I have major candida issues which I will be addressing with my naturopath just as soon as I give birth (it will likely require aggressive treatment and he wanted to wait until I had given birth). I finally managed to kick the yeast infection I'd had for 2 months and it was gone for about 2 weeks but now it's back. Meanwhile it's looking like I'll be giving birth in the next day or two. Sigh. Poor baby--I don't know that there's much I can do at this point but thought I'd check and see if anyone has any ideas?

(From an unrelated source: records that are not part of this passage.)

lemma kappa_graph_link_image:
  assumes y: "y \<in> cV Y"
    and fin: "finite (link_verts X (mV phi y))" "finite (link_edges X (mV phi y))"
    and ang: "act_invariant (carrier G) (actC X act) (corners X) ang"
  shows "kappa_graph (stab H (actV actY) y) (actEnd actY) (link_verts Y y) (actC Y actY) (link_edges Y y)
           (\<lambda>c. ang (cmapC Y phi c))
       = kappa_graph (stab H (actV actY) y) (actEnd act) (cmapEnd phi ` link_verts Y y)
           (actC X act) (cmapC Y phi ` link_edges Y y) ang"
proof -
  let ?K = "stab H (actV actY) y"
  let ?Vs = "cmapEnd phi ` link_verts Y y" and ?Es = "cmapC Y phi ` link_edges Y y"
  have sec: "is_section X act ?K (mV phi y) ?Vs ?Es" by (rule link_image_section[OF y fin])
  have K: "subgroup ?K G" "?K \<subseteq> H"
    using subgroup_action.stab_subgroup[OF Y.action_V y] unfolding stab_def by auto
  have verts_Y: "subgroup_action G ?K (actEnd actY) (link_verts Y y)"
    unfolding link_verts_eq by (rule equivariant_map.fiber_action[OF Y.endpt_equivariant y])
  have edges_Y: "subgroup_action G ?K (actC Y actY) (link_edges Y y)"
    unfolding link_edges_eq by (rule equivariant_map.fiber_action[OF Y.corner_vertex_equivariant y])
  have verts_X: "subgroup_action G ?K (actEnd act) ?Vs"
    using sec K in_carrier unfolding is_section_def link_verts_eq
    by (intro subgroup_action.subgroup_action_restrict[OF X.action_ends]) auto
  have edges_X: "subgroup_action G ?K (actC X act) ?Es"
    using sec K in_carrier unfolding is_section_def link_edges_eq
    by (intro subgroup_action.subgroup_action_restrict[OF X.action_corners]) auto
  have verts_map: "equivariant_map G ?K (actEnd actY) (link_verts Y y) (actEnd act) ?Vs (cmapEnd phi)"
    using verts_Y verts_X equivariant_End K(2) unfolding equivariant_map_def equivariant_map_axioms_def
      link_verts_eq by blast
  have edges_map: "equivariant_map G ?K (actC Y actY) (link_edges Y y) (actC X act) ?Es (cmapC Y phi)"
    using edges_Y edges_X equivariant_C K(2) unfolding equivariant_map_def equivariant_map_axioms_def
      link_edges_eq by blast
  have inj: "inj_on (cmapEnd phi) (link_verts Y y)" "inj_on (cmapC Y phi) (link_edges Y y)"
    using immersion y unfolding immersion_def by blast+
  have Es_corners: "?Es \<subseteq> corners X" using sec unfolding is_section_def link_edges_def by blast
  have ang_Es: "act_invariant ?K (actC X act) ?Es (\<lambda>c. pi - ang c)"
    unfolding act_invariant_def
  proof (intro ballI)
    fix g c assume "g \<in> ?K" "c \<in> ?Es"
    hence "g \<in> carrier G" "c \<in> corners X" using K(2) in_carrier Es_corners by auto
    thus "pi - ang (actC X act g c) = pi - ang c" using ang unfolding act_invariant_def by simp
  qed
  show ?thesis
    unfolding kappa_graph_orbit_sum
    using equivariant_map.orbit_sum_transfer[OF verts_map inj(1) refl act_invariant_const]
      equivariant_map.orbit_sum_transfer[OF edges_map inj(2) refl ang_Es]
    by simp
qed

More info...I don't have the kinds of infections that respond to the general natural forms of treatment such as garlic, yogurt, etc. These are generally severe and resistant to anything but aggressive treatment (7 day Monistat, which I know is horrible, barely will kick them).


----------



## mrsfrazier (Nov 3, 2007)

Hugs! I don't have a vaginal yeast infection, but this time around I am battling oral thrush and NOTHING has worked.....until I started this entire regimen:

Grapefruitseed Extract (pill form) four x per day
Probiotic pill 2-3x per day
Eat 2 cups plain yogurt everyday
No sugar, fruit, bread, pasta
Drink tons of lemon water to balance body's ph levels
Rinse with vinegar and water 3x per day
Switch my toothbrush a lot

And, even those did not work until I started treating at night with garlic paste yuck!

So, could you try the probiotics, grapefruitseed extract, eating yogurt, lemon water? and maybe garlic clove overnight combined with inserting some plain yogurt instead of meds like monistat? and wearing loose fitting underwear like boxers or something?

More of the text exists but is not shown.